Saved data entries
*** Begin section ***

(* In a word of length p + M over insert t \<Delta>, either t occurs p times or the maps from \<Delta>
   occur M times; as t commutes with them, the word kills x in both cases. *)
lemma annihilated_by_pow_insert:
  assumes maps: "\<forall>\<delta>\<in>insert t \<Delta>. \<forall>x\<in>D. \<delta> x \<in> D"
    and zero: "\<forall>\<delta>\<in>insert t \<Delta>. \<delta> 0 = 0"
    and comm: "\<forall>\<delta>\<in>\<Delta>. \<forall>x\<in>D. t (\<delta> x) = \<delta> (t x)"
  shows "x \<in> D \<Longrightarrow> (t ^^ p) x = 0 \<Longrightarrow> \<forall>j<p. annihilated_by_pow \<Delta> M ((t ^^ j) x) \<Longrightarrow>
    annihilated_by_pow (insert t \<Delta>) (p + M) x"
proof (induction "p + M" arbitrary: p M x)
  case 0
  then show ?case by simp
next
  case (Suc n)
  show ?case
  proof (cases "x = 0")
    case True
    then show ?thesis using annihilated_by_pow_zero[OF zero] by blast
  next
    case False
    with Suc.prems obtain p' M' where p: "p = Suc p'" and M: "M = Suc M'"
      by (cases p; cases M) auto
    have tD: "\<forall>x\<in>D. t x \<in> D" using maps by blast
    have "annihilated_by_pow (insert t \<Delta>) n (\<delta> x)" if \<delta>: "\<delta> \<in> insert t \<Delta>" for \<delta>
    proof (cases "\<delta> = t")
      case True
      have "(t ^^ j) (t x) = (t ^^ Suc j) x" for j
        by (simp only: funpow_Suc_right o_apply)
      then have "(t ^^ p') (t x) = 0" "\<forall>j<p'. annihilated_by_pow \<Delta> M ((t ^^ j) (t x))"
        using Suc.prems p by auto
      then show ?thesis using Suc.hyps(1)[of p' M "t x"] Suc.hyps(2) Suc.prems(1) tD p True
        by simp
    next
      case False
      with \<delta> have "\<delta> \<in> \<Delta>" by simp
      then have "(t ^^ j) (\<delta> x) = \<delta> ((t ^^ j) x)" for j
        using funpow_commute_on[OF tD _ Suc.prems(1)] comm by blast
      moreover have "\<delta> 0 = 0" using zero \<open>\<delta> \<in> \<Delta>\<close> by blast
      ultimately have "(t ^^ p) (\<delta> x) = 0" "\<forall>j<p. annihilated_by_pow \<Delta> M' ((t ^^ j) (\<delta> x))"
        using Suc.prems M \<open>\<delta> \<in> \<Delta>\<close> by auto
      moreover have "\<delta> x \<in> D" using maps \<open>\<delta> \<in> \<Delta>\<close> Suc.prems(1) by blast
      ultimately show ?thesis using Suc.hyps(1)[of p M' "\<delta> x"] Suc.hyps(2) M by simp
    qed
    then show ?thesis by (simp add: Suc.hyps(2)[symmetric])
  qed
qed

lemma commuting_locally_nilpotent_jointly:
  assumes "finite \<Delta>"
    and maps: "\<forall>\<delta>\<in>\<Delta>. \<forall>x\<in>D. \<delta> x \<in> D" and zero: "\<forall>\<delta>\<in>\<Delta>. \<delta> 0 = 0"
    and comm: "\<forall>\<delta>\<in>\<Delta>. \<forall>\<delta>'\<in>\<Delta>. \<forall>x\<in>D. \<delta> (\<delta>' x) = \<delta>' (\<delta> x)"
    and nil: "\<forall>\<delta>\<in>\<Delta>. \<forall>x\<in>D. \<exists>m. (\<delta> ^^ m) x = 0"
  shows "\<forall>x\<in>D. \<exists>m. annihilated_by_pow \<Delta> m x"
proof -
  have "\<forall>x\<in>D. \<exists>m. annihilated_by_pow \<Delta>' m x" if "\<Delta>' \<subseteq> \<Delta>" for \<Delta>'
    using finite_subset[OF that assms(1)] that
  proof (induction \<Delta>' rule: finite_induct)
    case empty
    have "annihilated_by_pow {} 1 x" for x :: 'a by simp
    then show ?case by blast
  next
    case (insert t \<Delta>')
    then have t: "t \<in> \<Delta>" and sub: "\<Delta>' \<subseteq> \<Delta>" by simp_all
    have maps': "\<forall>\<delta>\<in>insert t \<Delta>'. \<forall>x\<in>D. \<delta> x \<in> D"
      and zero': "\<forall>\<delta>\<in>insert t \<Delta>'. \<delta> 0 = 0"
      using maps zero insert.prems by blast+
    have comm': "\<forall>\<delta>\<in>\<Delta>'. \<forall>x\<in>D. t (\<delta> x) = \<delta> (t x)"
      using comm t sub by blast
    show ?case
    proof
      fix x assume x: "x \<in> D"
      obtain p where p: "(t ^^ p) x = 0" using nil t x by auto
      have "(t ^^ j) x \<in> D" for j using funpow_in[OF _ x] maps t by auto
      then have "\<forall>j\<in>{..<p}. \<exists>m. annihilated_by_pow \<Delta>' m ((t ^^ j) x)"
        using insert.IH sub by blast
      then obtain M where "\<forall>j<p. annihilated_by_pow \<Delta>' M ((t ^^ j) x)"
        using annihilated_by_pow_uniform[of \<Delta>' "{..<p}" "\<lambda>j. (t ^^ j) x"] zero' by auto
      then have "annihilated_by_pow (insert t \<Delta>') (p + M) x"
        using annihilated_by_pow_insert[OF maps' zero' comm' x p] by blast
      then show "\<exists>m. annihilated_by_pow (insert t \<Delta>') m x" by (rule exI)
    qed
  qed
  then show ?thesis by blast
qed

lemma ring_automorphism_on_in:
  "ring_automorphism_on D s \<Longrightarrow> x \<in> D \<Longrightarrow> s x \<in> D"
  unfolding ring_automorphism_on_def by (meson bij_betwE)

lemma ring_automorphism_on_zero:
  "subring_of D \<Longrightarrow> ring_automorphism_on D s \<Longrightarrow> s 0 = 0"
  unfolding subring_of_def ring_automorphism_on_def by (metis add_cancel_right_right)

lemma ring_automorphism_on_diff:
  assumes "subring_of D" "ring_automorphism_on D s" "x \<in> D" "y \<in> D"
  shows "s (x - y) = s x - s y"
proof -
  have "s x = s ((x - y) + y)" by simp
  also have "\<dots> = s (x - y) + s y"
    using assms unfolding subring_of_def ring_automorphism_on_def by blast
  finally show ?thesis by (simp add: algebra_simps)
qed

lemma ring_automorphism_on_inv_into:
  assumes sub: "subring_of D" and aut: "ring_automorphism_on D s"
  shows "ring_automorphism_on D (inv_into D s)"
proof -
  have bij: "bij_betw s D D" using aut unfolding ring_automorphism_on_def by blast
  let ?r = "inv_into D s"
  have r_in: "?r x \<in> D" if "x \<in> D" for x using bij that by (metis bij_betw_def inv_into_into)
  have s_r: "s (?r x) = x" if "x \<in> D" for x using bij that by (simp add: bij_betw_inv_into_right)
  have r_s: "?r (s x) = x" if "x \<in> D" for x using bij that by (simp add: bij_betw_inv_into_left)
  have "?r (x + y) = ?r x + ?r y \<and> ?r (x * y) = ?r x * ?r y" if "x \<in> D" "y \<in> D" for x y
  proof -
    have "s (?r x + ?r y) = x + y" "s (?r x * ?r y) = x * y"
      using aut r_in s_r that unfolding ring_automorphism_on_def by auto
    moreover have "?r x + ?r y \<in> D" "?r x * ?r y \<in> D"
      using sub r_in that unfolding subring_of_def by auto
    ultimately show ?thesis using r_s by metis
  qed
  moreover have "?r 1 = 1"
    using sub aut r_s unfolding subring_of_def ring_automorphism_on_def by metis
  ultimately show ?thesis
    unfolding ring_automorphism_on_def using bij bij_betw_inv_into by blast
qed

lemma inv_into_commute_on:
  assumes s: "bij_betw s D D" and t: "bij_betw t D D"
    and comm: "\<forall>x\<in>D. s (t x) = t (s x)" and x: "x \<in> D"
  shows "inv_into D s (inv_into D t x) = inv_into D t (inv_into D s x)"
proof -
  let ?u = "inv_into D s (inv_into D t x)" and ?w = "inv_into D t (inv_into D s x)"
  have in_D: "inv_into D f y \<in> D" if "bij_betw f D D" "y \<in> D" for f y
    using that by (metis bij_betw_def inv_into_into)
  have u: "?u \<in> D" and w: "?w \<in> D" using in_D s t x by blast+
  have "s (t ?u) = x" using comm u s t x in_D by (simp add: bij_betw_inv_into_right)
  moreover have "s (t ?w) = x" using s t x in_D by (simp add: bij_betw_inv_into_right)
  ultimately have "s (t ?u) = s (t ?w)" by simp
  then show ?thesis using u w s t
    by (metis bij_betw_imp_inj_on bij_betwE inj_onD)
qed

*** End section ***

### What you are asked to do
Answer only with the count of lines in the records that include the string "unfolding".

### Output below
8